I learned early on as a junior developer to be paranoid when it came time to code the design. There are a few rules that I learned to keep in mind that have allowed me to pass more unit and system tests.
One, don't trust the data that comes into your method/function/subroutine.
Two, don't trust the data that comes back from methods/functions/subroutines that you call.
Three, assume that other users will not trust the data that you modify and/or return from the function/method/subroutine that you're writing, and therefore accurately report to them anything that goes wrong.
I've noticed a trend in the past few years in younger developers, that they tend to develop with the best case scenarios in mind, believe that users will always enter valid data, that functions are always correctly documented and always require and return exactly what their documentation states, and that therefore the developers' code will never break unexpectedly.
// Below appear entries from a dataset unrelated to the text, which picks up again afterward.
definition WS_plus_b :: "nat \<Rightarrow> nat \<Rightarrow> nat" where
  "WS_plus_b b m = (if \<exists>a A. WS_template b a m A
                    then (GREATEST a. \<exists>A. WS_template b a m A) else 0)"

definition WS_plus :: "nat \<Rightarrow> nat" where
  "WS_plus m = (GREATEST v. \<exists>b>0. v = WS_plus_b b m)"

end

theory Submission
  imports Defs "HOL-Library.Ramsey"
begin

(* Write every x > b uniquely as x = r + j a with b < r \<le> a + b, and let x \<le> b stand for
   itself (r = x, j = 0); r is the residue and j the layer of x.  Given a b-WS-template
   A_1, ..., A_(n+1) of width a and a sum-free partition B_1, ..., B_k of {1..s}, colour
   x \<in> {1..s a + b} by i if r \<in> A_i with i \<le> n, and by n + t if r \<in> A_(n+1) and j + 1 \<in> B_t.
   Adding two numbers adds residues and layers, up to a carry of a or 2a into the residue:
   without carry the template itself forbids the sum, a carry of a is excluded by condition
   (iv) in the first n colours and by sum-freeness of B_t in the others, a carry of 2a by
   condition (iii).  With s = S(k), a = WS+(n+1) and b = b_max this gives WS(n+k) \<ge> s a + b.
   All suprema involved are attained because WS(m) is finite, by Ramsey's theorem. *)

definition WS_colourable :: "nat \<Rightarrow> nat \<Rightarrow> bool" where
  "WS_colourable n p \<longleftrightarrow> (\<exists>A. is_partition n A {1..p} \<and> (\<forall>i\<in>{1..n}. weakly_sum_free (A i)))"

definition S_colourable :: "nat \<Rightarrow> nat \<Rightarrow> bool" where
  "S_colourable n p \<longleftrightarrow> (\<exists>A. is_partition n A {1..p} \<and> (\<forall>i\<in>{1..n}. sum_free (A i)))"

lemma WS_eq_Greatest: "WS n = Greatest (WS_colourable n)"
  unfolding WS_def WS_colourable_def[abs_def] ..

lemma Schur_eq_Greatest: "S n = Greatest (S_colourable n)"
  unfolding Schur_def S_colourable_def[abs_def] ..

lemma sum_free_imp_weakly_sum_free: "sum_free A \<Longrightarrow> weakly_sum_free A"
  unfolding sum_free_def weakly_sum_free_def by blast
theorem mainTheorem2:
  fixes a :: real
  assumes "0 < a" and "a < 1"
  shows "\<exists>c>0. \<forall>G :: nat \<Rightarrow> nat set set.
    (\<forall>n. connected_graph n (G n)) \<longrightarrow>
    ((\<lambda>n. measure_pmf.prob (gnp n (real n powr (-a) / real n))
        {R. iota n (G n \<union> R) \<ge>
            c / (real n powr a * real (max_degree n (G n)) ^ 3 * ln (real n))})
     \<longlonglongrightarrow> 1)"
proof (intro exI[of _ "1 / 16 :: real"] conjI allI impI)
  fix G :: "nat \<Rightarrow> nat set set"
  assume conn: "\<forall>n. connected_graph n (G n)"
  define P where "P n = gnp n (real n powr (- a) / real n)" for n
  define bad where "bad n = measure_pmf.prob (P n)
      {R. iota n (G n \<union> R) < expansion_bound a n (max_degree n (G n))}" for n
  have "bad \<longlonglongrightarrow> 0"
  proof (rule tendsto_sandwich)
    show "\<forall>\<^sub>F n in sequentially. 0 \<le> bad n" by (simp add: bad_def)
    show "\<forall>\<^sub>F n in sequentially. bad n \<le> (1 + 1 / real n ^ 3) ^ n - 1"
      using prob_low_expansion_le[OF conn[rule_format] _ assms(1)]
      by (intro eventually_sequentiallyI[of 3]) (simp add: bad_def P_def)
    show "(\<lambda>n. (1 + 1 / real n ^ 3) ^ n - 1) \<longlonglongrightarrow> (0::real)" by real_asymp
  qed simp
  then have "(\<lambda>n. 1 - bad n) \<longlonglongrightarrow> 1" by (auto intro: tendsto_eq_intros)
  moreover have "1 - bad n = measure_pmf.prob (P n)
      {R. iota n (G n \<union> R) \<ge> 1 / 16 / (real n powr a * real (max_degree n (G n)) ^ 3 * ln (real n))}" for n
    unfolding bad_def expansion_bound_def
    by (subst measure_pmf.prob_compl[symmetric]) (auto intro!: arg_cong[where f = "measure_pmf.prob _"])
  ultimately show "(\<lambda>n. measure_pmf.prob (gnp n (real n powr (- a) / real n))
        {R. iota n (G n \<union> R) \<ge> 1 / 16 / (real n powr a * real (max_degree n (G n)) ^ 3 * ln (real n))})
     \<longlonglongrightarrow> 1" unfolding P_def by simp
qed simp

end
lemma eliminate_term:
  assumes C: "ordered_config r a b \<mu>" and j: "1 \<le> j" "j \<le> r" and n: "1 \<le> n"
  obtains \<alpha> \<beta> \<gamma> \<delta> \<nu> a' b' where "\<alpha> * \<delta> - \<beta> * \<gamma> \<noteq> 0" "ordered_config (r - 1) a' b' \<nu>"
    "pderiv (hsubst \<alpha> \<beta> \<gamma> \<delta> n (psum n {1..r} \<mu> a b)) = psum (n - 1) {1..r-1} \<nu> a' b'"
    "\<forall>k. 1 \<le> k \<and> k < j \<longrightarrow> \<nu> k * \<mu> k < 0" "\<forall>k. j \<le> k \<and> k < r \<longrightarrow> 0 < \<nu> k * \<mu> (k + 1)"
proof -
  define a' where "a' = (\<lambda>k. cross a b k j)"
  define b' where "b' = (\<lambda>k. a k * a j + b k * b j)"
  define c where "c = (\<lambda>k. \<mu> k * of_nat n * cross a b k j)"
  have "0 < a j * a j + b j * b j"
    using sum_squares_pos[of "a j" "b j"] ordered_configD(1)[OF C j] by blast
  then have det: "b j * b j - a j * (- a j) \<noteq> 0" by linarith
  have "a' = (\<lambda>k. a k * b j + b k * (- a j))"
    unfolding a'_def cross_def by (simp add: fun_eq_iff algebra_simps)
  then have "hsubst (b j) (a j) (- a j) (b j) n (psum n {1..r} \<mu> a b) = psum n {1..r} \<mu> a' b'"
    unfolding b'_def using hsubst_psum[OF det] by simp
  moreover have "pderiv (psum n {1..r} \<mu> a' b') = psum (n - 1) {1..r} c a' b'"
    unfolding c_def a'_def by (rule pderiv_psum[OF n])
  moreover have "\<dots> = psum (n - 1) {1..r-1} (c \<circ> skip j) (a' \<circ> skip j) (b' \<circ> skip j)"
    by (rule psum_delete_term[OF _ j]) (simp add: c_def cross_def)
  ultimately show ?thesis
    using that[OF det ordered_config_after_elimination[OF C j n, folded a'_def b'_def c_def]]
      coefficient_signs_after_elimination[OF C j n, folded c_def]
    by simp
qed

lemma hsubst_zero: "hsubst \<alpha> \<beta> \<gamma> \<delta> m 0 = 0"
  by (simp add: hsubst_def)

text \<open>At a cyclic sign change one term can be eliminated by substitution and
  differentiation: the cyclic sign changes do not increase, a vanishing sum stays vanishing, and
  by substitution invariance and Rolle the projective root count drops by at most one.\<close>
lemma reduction_step:
  assumes C: "ordered_config r a b \<mu>" and r: "2 \<le> r" and n: "1 \<le> n"
    and change: "1 \<le> changes (cyclic_seq n r \<mu>)"
  obtains \<nu> a' b' where "ordered_config (r - 1) a' b' \<nu>"
    "changes (cyclic_seq (n - 1) (r - 1) \<nu>) \<le> changes (cyclic_seq n r \<mu>)"
    "psum n {1..r} \<mu> a b = 0 \<Longrightarrow> psum (n - 1) {1..r-1} \<nu> a' b' = 0"
    "psum n {1..r} \<mu> a b \<noteq> 0 \<Longrightarrow> psum (n - 1) {1..r-1} \<nu> a' b' \<noteq> 0 \<Longrightarrow>
      proj_root_count n (psum n {1..r} \<mu> a b)
        \<le> proj_root_count (n - 1) (psum (n - 1) {1..r-1} \<nu> a' b') + 1"
proof -
  let ?F = "psum n {1..r} \<mu> a b"
  obtain j where j: "2 \<le> j" "j \<le> r"
    "\<mu> (j - 1) * \<mu> j < 0 \<or> \<mu> j * (if j < r then \<mu> (j + 1) else (-1) ^ n * \<mu> 1) < 0"
    using cyclic_seq_change_at[OF r change] by blast
  obtain \<alpha> \<beta> \<gamma> \<delta> \<nu> a' b' where det: "\<alpha> * \<delta> - \<beta> * \<gamma> \<noteq> 0" and C': "ordered_config (r - 1) a' b' \<nu>"
    and deriv: "pderiv (hsubst \<alpha> \<beta> \<gamma> \<delta> n ?F) = psum (n - 1) {1..r-1} \<nu> a' b'"
    and signs: "\<forall>k. 1 \<le> k \<and> k < j \<longrightarrow> \<nu> k * \<mu> k < 0" "\<forall>k. j \<le> k \<and> k < r \<longrightarrow> 0 < \<nu> k * \<mu> (k + 1)"
    by (rule eliminate_term[OF C _ j(2) n]) (use j(1) in auto)
  let ?G = "hsubst \<alpha> \<beta> \<gamma> \<delta> n ?F"
  have zero: "psum (n - 1) {1..r-1} \<nu> a' b' = 0" if "?F = 0"
    using deriv that by (simp add: hsubst_zero)
  have bound: "proj_root_count n ?F \<le> proj_root_count (n - 1) (psum (n - 1) {1..r-1} \<nu> a' b') + 1"
    if F: "?F \<noteq> 0" and H: "psum (n - 1) {1..r-1} \<nu> a' b' \<noteq> 0"
  proof -
    have "proj_root_count n ?F \<le> proj_root_count n ?G"
      by (rule proj_root_count_hsubst[OF det F degree_psum])
    moreover have "proj_root_count n ?G \<le> proj_root_count (n - 1) (pderiv ?G) + 1"
      by (rule proj_root_count_pderiv[OF hsubst_nonzero[OF det F degree_psum] degree_hsubst])
        (use deriv H in simp)
    ultimately show ?thesis unfolding deriv by simp
  qed
  show ?thesis by (rule that[OF C' cyclic_seq_delete[OF j(1,2) n signs j(3)] zero bound])
qed
lemma sf_of_pleth_mult_double_sum:
  fixes m :: "nat multiset"
  assumes "admissible x"
  defines "B \<equiv> bounded_msets (sum_mset m) (size m)"
  shows "sf_of (pleth (g * h) x) m
       = (\<Sum>(a1, a2) \<in> B \<times> B. sf_of g a1 * sf_of h a2 * sf_of (pleth_monom x a1 * pleth_monom x a2) m)"
proof -
  let ?Q = "\<lambda>a1 a2. sf_of g a1 * sf_of h a2 * sf_of (pleth_monom x a1 * pleth_monom x a2) m"
  have finB: "finite B" by (simp add: B_def finite_bounded_msets)
  have "sf_of (pleth (g * h) x) m
      = (\<Sum>a\<in>B. (\<Sum>a1 | a1 \<subseteq># a. sf_of g a1 * sf_of h (a - a1)) * sf_of (pleth_monom x a) m)"
    unfolding sf_of_pleth B_def sf_of_mult ..
  also have "\<dots> = (\<Sum>a\<in>B. \<Sum>a1 | a1 \<subseteq># a. ?Q a1 (a - a1))"
    unfolding sum_distrib_right
    by (intro sum.cong refl)
       (simp add: pleth_monom_union[symmetric] subset_mset.add_diff_inverse)
  also have "\<dots> = (\<Sum>(a1, a2) | a1 + a2 \<in> B. ?Q a1 a2)"
    by (subst sum.Sigma)
       (auto simp: finB finite_submultisets subset_mset.add_diff_inverse
             intro!: sum.reindex_bij_witness[where i="\<lambda>(a1, a2). (a1 + a2, a1)" and j="\<lambda>(a, a1). (a1, a - a1)"])
  also have "\<dots> = (\<Sum>(a1, a2) \<in> B \<times> B. ?Q a1 a2)"
  proof (rule sum.mono_neutral_left)
    show "{(a1, a2). a1 + a2 \<in> B} \<subseteq> B \<times> B" by (auto simp: B_def bounded_msets_def)
    show "\<forall>i\<in>B \<times> B - {(a1, a2). a1 + a2 \<in> B}. (case i of (a1, a2) \<Rightarrow> ?Q a1 a2) = 0"
    proof
      fix i assume i: "i \<in> B \<times> B - {(a1, a2). a1 + a2 \<in> B}"
      obtain a1 a2 where i_eq: "i = (a1, a2)" by (cases i)
      have "a1 \<in> B" "a2 \<in> B" "a1 + a2 \<notin> B" using i i_eq by auto
      then have "\<not> (size (a1 + a2) \<le> size m \<and> (\<forall>k\<in>#a1 + a2. k \<le> sum_mset m))"
        by (auto simp: B_def bounded_msets_def)
      then have "sf_of (pleth_monom x (a1 + a2)) m = 0"
        using pleth_monom_coeff_nonzero[OF assms(1)] by blast
      then show "(case i of (a1, a2) \<Rightarrow> ?Q a1 a2) = 0" by (simp add: i_eq pleth_monom_union)
    qed
  qed (use finB in simp)
  finally show ?thesis .
qed

lemma pleth_mult:
  assumes "admissible x" shows "pleth (g * h) x = pleth g x * pleth h x"
proof (rule symfun_eqI)
  fix m
  define B where "B = bounded_msets (sum_mset m) (size m)"
  let ?G = "sf_of g" and ?H = "sf_of h"
  have "sf_of (pleth (g * h) x) m = (\<Sum>b | b \<subseteq># m. \<Sum>a1\<in>B. \<Sum>a2\<in>B.
           (?G a1 * sf_of (pleth_monom x a1) b) * (?H a2 * sf_of (pleth_monom x a2) (m - b)))"
    unfolding sf_of_pleth_mult_double_sum[OF assms] B_def[symmetric]
    by (simp add: sum.cartesian_product[symmetric] sf_of_mult sum_distrib_left
                  sum.swap[where B="{b. b \<subseteq># m}"] mult_ac)
  also have "\<dots> = (\<Sum>b | b \<subseteq># m. sf_of (pleth g x) b * sf_of (pleth h x) (m - b))"
  proof (rule sum.cong[OF refl])
    fix b assume "b \<in> {b. b \<subseteq># m}"
    then have "sum_mset b \<le> sum_mset m" "size b \<le> size m"
              "sum_mset (m - b) \<le> sum_mset m" "size (m - b) \<le> size m"
      using submultiset_sum_size[of b m] by auto
    then show "(\<Sum>a1\<in>B. \<Sum>a2\<in>B. (?G a1 * sf_of (pleth_monom x a1) b) * (?H a2 * sf_of (pleth_monom x a2) (m - b)))
        = sf_of (pleth g x) b * sf_of (pleth h x) (m - b)"
      unfolding B_def by (simp add: sf_of_pleth_bounded[OF assms] sum_product)
  qed
  also have "\<dots> = sf_of (pleth g x * pleth h x) m" by (simp add: sf_of_mult)
  finally show "sf_of (pleth (g * h) x) m = sf_of (pleth g x * pleth h x) m" .
qed

lemma dp1_pleth_monom: "dp1 (pleth_monom x a) = of_nat (count a 1) * pleth_monom x (a - {#1#}) * dp1 x"
proof (induction a)
  case empty
  then show ?case by (simp add: dp1_one)
next
  case (add k a)
  show ?case
  proof (cases "k = 1")
    case True
    have "x * (of_nat (count a 1) * pleth_monom x (a - {#1#})) = of_nat (count a 1) * pleth_monom x a"
    proof (cases "1 \<in># a")
      case True
      then have "x * pleth_monom x (a - {#1#}) = pleth_monom x a"
        by (metis pleth_monom_add_mset adams_1 insert_DiffM)
      then show ?thesis by (metis mult.left_commute)
    qed (simp add: not_in_iff)
    note x_times = this
    have "dp1 (x * pleth_monom x a)
        = dp1 x * pleth_monom x a + x * (of_nat (count a 1) * pleth_monom x (a - {#1#})) * dp1 x"
      by (simp only: dp1_mult add.IH mult.assoc)
    also have "\<dots> = (1 + of_nat (count a 1)) * pleth_monom x a * dp1 x"
      unfolding x_times by (simp add: algebra_simps)
    finally show ?thesis
      using True by (simp add: pleth_monom_add_mset adams_1[simplified])
  next
    case False
    then show ?thesis
      by (simp add: pleth_monom_add_mset dp1_mult add.IH dp1_adams mult_ac)
  qed
qed

lemma dp1_pleth:
  assumes "admissible x" shows "dp1 (pleth g x) = pleth (dp1 g) x * dp1 x"
proof (rule symfun_eqI)
  fix m :: "nat multiset"
  define N where "N = sum_mset m + 1"
  define B where "B = bounded_msets N (size m + 1)"
  define B' where "B' = bounded_msets N (size m)"
  let ?G = "sf_of g"
  let ?R = "\<lambda>a. sf_of (pleth_monom x a * dp1 x) m"
  have "sf_of (dp1 (pleth g x)) m = of_nat (count m 1 + 1) * (\<Sum>a\<in>B. ?G a * sf_of (pleth_monom x a) (add_mset 1 m))"
    unfolding sf_of_dp1 B_def N_def by (subst sf_of_pleth_bounded[OF assms]) auto
  also have "\<dots> = (\<Sum>a\<in>B. ?G a * sf_of (dp1 (pleth_monom x a)) m)"
    by (simp add: sum_distrib_left sf_of_dp1 mult_ac)
  also have "\<dots> = (\<Sum>a\<in>B. of_nat (count a 1) * (?G a * ?R (a - {#1#})))"
    unfolding dp1_pleth_monom mult.assoc sf_of_of_nat_mult by (simp add: mult_ac)
  also have "\<dots> = (\<Sum>a | a \<in> B \<and> 1 \<in># a. of_nat (count a 1) * (?G a * ?R (a - {#1#})))"
    by (rule sum.mono_neutral_right) (auto simp: B_def finite_bounded_msets not_in_iff)
  also have "\<dots> = (\<Sum>a\<in>B'. of_nat (count a 1 + 1) * (?G (add_mset 1 a) * ?R a))"
    by (rule sum.reindex_bij_witness[where j="\<lambda>a. a - {#1#}" and i="add_mset 1"])
       (auto simp: B_def B'_def N_def bounded_msets_def size_Diff_singleton dest: in_diffD)
  also have "\<dots> = (\<Sum>b | b \<subseteq># m. \<Sum>a\<in>B'. (sf_of (dp1 g) a * sf_of (pleth_monom x a) b) * sf_of (dp1 x) (m - b))"
    unfolding sf_of_mult sum_distrib_left sum.swap[where B="{b. b \<subseteq># m}"]
    by (simp add: sf_of_dp1 mult_ac)
  also have "\<dots> = (\<Sum>b | b \<subseteq># m. sf_of (pleth (dp1 g) x) b * sf_of (dp1 x) (m - b))"
  proof (rule sum.cong[OF refl])
    fix b assume "b \<in> {b. b \<subseteq># m}"
    then have "sum_mset b \<le> N" "size b \<le> size m"
      using submultiset_sum_size[of b m] by (auto simp: N_def)
    then show "(\<Sum>a\<in>B'. (sf_of (dp1 g) a * sf_of (pleth_monom x a) b) * sf_of (dp1 x) (m - b))
        = sf_of (pleth (dp1 g) x) b * sf_of (dp1 x) (m - b)"
      unfolding B'_def by (simp add: sf_of_pleth_bounded[OF assms] sum_distrib_right)
  qed
  also have "\<dots> = sf_of (pleth (dp1 g) x * dp1 x) m" by (simp add: sf_of_mult)
  finally show "sf_of (dp1 (pleth g x)) m = sf_of (pleth (dp1 g) x * dp1 x) m" .
qed

lemma zero_part_free_upto_0: "zero_part_free_upto 0 x"
  by (auto simp: zero_part_free_upto_def)

lemma zero_part_free_upto_diff:
  "zero_part_free_upto n x \<Longrightarrow> zero_part_free_upto n y \<Longrightarrow> zero_part_free_upto n (x - y)"
  by (simp add: zero_part_free_upto_def sf_of_diff)

lemma zero_part_free_upto_one: "zero_part_free_upto n 1"
  by (auto simp: zero_part_free_upto_def sf_of_one)

lemma zero_part_free_upto_p1: "zero_part_free_upto n p1"
  by (auto simp: zero_part_free_upto_def p1.rep_eq sf_p1_def)

lemma zero_part_free_upto_param_t: "zero_part_free_upto n param_t"
  by (auto simp: zero_part_free_upto_def param_t.rep_eq)
theorem lemma4:
  fixes h :: "'a::field_char_0 \<Rightarrow> 'b::field_char_0"
    and G A :: "'a poly poly"
    and n :: nat and Y Ybar Phi :: "'b fls"
    and N :: real
  assumes closure: "is_alg_closure_emb h"
    and irr: "irreducible G"
    and n_pos: "n \<ge> 1"
    and root: "eval_puiseux h n G Y = 0"
    and split: "Y = Ybar + Phi"
    and ordphi: "ord_x n Phi > ereal N"
    and N_pos: "N > 0"
    and N_bound: "ereal N \<ge> 2 * real (deg_x G) * real (deg_y G)
                     - 2 * min (ord_x n Y) 0 * (real (deg_y G) - 1)"
    and A_nz: "A \<noteq> 0"
    and A_degx: "deg_x A \<le> deg_x G"
    and A_degy: "deg_y A \<le> deg_y G"
    and A_ord: "ord_x n (eval_puiseux h n A Ybar) >
                  2 * real (deg_x G) * real (deg_y G) - min (ord_x n Y) 0 * (real (deg_y G) - 1)"
    and A_min: "\<And>B. B \<noteq> 0 \<Longrightarrow> deg_x B \<le> deg_x G \<Longrightarrow> deg_y B \<le> deg_y G \<Longrightarrow>
                  ord_x n (eval_puiseux h n B Ybar) >
                    2 * real (deg_x G) * real (deg_y G) - min (ord_x n Y) 0 * (real (deg_y G) - 1)
                  \<Longrightarrow> tot_deg A \<le> tot_deg B"
  shows "\<exists>c. c \<noteq> 0 \<and> A = smult [:c:] G"
proof -
  have hom: "inj_comm_ring_hom h"
    using closure by (rule inj_comm_ring_hom_if_alg_closure_emb)
  have eval: "eval_puiseux h n P F = eval_poly (fls_embed h n) P F" for P F
    by (rule eval_puiseux_eq_eval_poly[OF inj_comm_ring_hom.axioms(1)[OF hom]])
  have factors: "\<And>c :: 'a poly. degree c \<ge> 1 \<Longrightarrow>
      \<exists>m. m dvd c \<and> degree m \<ge> 1 \<and> prime_elem [:m:]"
    by (rule exists_prime_const_poly_factor[OF closure])
  obtain mu where mu: "fls_ord_ge Y mu" "mu \<le> 0" "min (ord_x n Y) 0 = ereal (of_int mu / real n)"
    using min_ord_x_0[OF n_pos] .
  let ?D = "int (2 * deg_x G * degree G * n)"
  have bounds:
    "2 * real (deg_x G) * real (degree G) - 2 * min (ord_x n Y) 0 * (real (degree G) - 1)
      = ereal (of_int (?D - 2 * (int (degree G) - 1) * mu) / real n)"
    "2 * real (deg_x G) * real (degree G) - min (ord_x n Y) 0 * (real (degree G) - 1)
      = ereal (of_int (?D - (int (degree G) - 1) * mu) / real n)"
    unfolding mu(3) using n_pos by (simp_all add: field_simps)
  from N_bound ordphi have "fls_ord_ge Phi (?D - 2 * (int (degree G) - 1) * mu + 1)"
    unfolding bounds by (intro fls_ord_ge_if_ord_x_gt[OF n_pos]) (metis le_less_trans)
  then have "fls_ord_ge (Y - Ybar) (?D - 2 * (int (degree G) - 1) * mu + 1)"
    using split by simp
  moreover from A_ord
  have "fls_ord_ge (eval_poly (fls_embed h n) A Ybar) (?D - (int (degree G) - 1) * mu + 1)"
    unfolding bounds eval by (rule fls_ord_ge_if_ord_x_gt[OF n_pos])
  ultimately have "G dvd A"
    using dvd_if_approximate_root[OF factors hom irr n_pos root[unfolded eval] A_degy A_degx mu(1,2)]
    by blast
  then show ?thesis
    using const_multiple_if_dvd A_nz A_degx A_degy by blast
qed
definition mu_ratio_maximal :: "nat \<Rightarrow> 'k::field mpoly \<Rightarrow> (nat \<Rightarrow> nat \<Rightarrow> 'k) \<Rightarrow> (nat \<Rightarrow> int) \<Rightarrow> bool" where
  "mu_ratio_maximal r f M a \<longleftrightarrow>
     (\<forall>M' a'. invertible_mat r M' \<and> nontriv_onepar r a' \<longrightarrow> mu_ratio r M' a' f \<le> mu_ratio r M a f)"

lemma mult_at_upper_bound_int:
  assumes f: "homog_form r d f" and M0: "invertible_mat r M0" and a: "nontriv_onepar r a"
    and max: "mu_ratio_maximal r f M0 a"
    and m: "mu_ops r M0 a f \<ge> 1" and p: "\<exists>i\<le>r. p i \<noteq> 0"
  shows "(int (r + 1) * int (mult_at r d f p) - int r * int d) * (\<Sum>i\<le>r. (a i)\<^sup>2)
           \<le> - (int r + 1) * mu_ops r M0 a f * Min (a ` {..r})"
proof -
  obtain M2 j where M2: "invertible_mat r M2" and j: "j \<le> r"
    and weights: "\<forall>e\<in>Poly_Mapping.keys (lin_subst r M2 f). mu_ops r M0 a f \<le> weight r a e"
    and deg: "var_degree j (lin_subst r M2 f) \<le> d - mult_at r d f p"
    using exists_subst_low_var_degree[OF f M0 p] by blast
  define m n where "m = mu_ops r M0 a f" and "n = mult_at r d f p"
  have n: "n \<le> d" unfolding n_def by (rule mult_at_le_degree[OF f p])
  define K where "K = int (r + 1) * int n - int r * int d"
  define b where "b = cone_onepar r j"
  define s P Q where "s = (\<Sum>i\<le>r. (a i)\<^sup>2)" and "P = (\<Sum>i\<le>r. a i * b i)" and "Q = (\<Sum>i\<le>r. (b i)\<^sup>2)"
  have P: "P = - (int r + 1) * a j"
    unfolding P_def b_def using sum_mult_cone_onepar[OF j] a by (simp add: nontriv_onepar_def)
  have "K * s \<le> m * P"
  proof (rule linear_coeff_le_of_eventually_sq_le)
    fix t assume t: "t > int r * int d + int r + 1"
    have rd: "0 \<le> int r * int d" by simp
    with t have tr: "int r + 1 < t" by linarith
    then have t0: "0 < t" by linarith
    then have "t \<le> t * m" using m unfolding m_def by (simp add: mult_le_cancel_left1)
    moreover have "0 \<le> int (r + 1) * int n" by simp
    ultimately have L: "0 \<le> t * m + K" using t unfolding K_def by linarith
    have mu_t: "t * m + K \<le> mu_ops r M2 (\<lambda>i. t * a i + b i) f"
      unfolding mu_ops_def[of r M2] K_def b_def m_def
      by (rule mu_diag_tilt_ge[OF homog_form_lin_subst[OF f M2] j _ n weights]) (use t0 deg n_def in auto)
    have nt: "nontriv_onepar r (\<lambda>i. t * a i + b i)"
      by (rule nontriv_onepar_tilt[OF a]) (use j tr sum_cone_onepar[OF j] in \<open>auto simp: b_def cone_onepar_def\<close>)
    have "(t * m + K)\<^sup>2 * s \<le> m\<^sup>2 * (\<Sum>i\<le>r. (t * a i + b i)\<^sup>2)"
      using sq_le_of_mu_ratio_le[OF a nt _ L mu_t] max M2 nt by (simp add: s_def m_def mu_ratio_maximal_def)
    then show "(t * m + K)\<^sup>2 * s \<le> m\<^sup>2 * (t\<^sup>2 * s + 2 * t * P + Q)"
      by (simp only: sum_sq_tilt s_def P_def Q_def)
  qed (use m in \<open>simp_all add: m_def s_def sum_nonneg\<close>)
  also have "m * P \<le> - (int r + 1) * m * Min (a ` {..r})"
  proof -
    have "Min (a ` {..r}) \<le> a j" using j by simp
    then have "(int r + 1) * m * Min (a ` {..r}) \<le> (int r + 1) * m * a j"
      using m unfolding m_def by (intro mult_left_mono) auto
    then show ?thesis unfolding P by (simp add: algebra_simps)
  qed
  finally show ?thesis unfolding K_def s_def m_def n_def .
qed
There is the idea that error checking isn't needed anymore because it's a waste of effort and time, that Java will always throw exceptions when something really bad happens, and rebooting/restarting the software will fix everything. I have to tell them that Java can't report failures caused by violating the business rules behind the design, that it's important to check for valid data and valid execution.
Of course, since I'm old and "unable to keep up" I'm now working maintenance on a big system, but I've found several show-stopper bugs that would not have shown up had the developers been just a bit more paranoid in the design stage. It would also have been cheaper to find the bugs before deployment, but the testing staff is overworked and understaffed, and stuff gets through, and so we have to get the trouble tickets from senior management in the customer's organization (USGov) when critical things break. People who when they are unhappy enough, take contracts away from the developers who make them unhappy.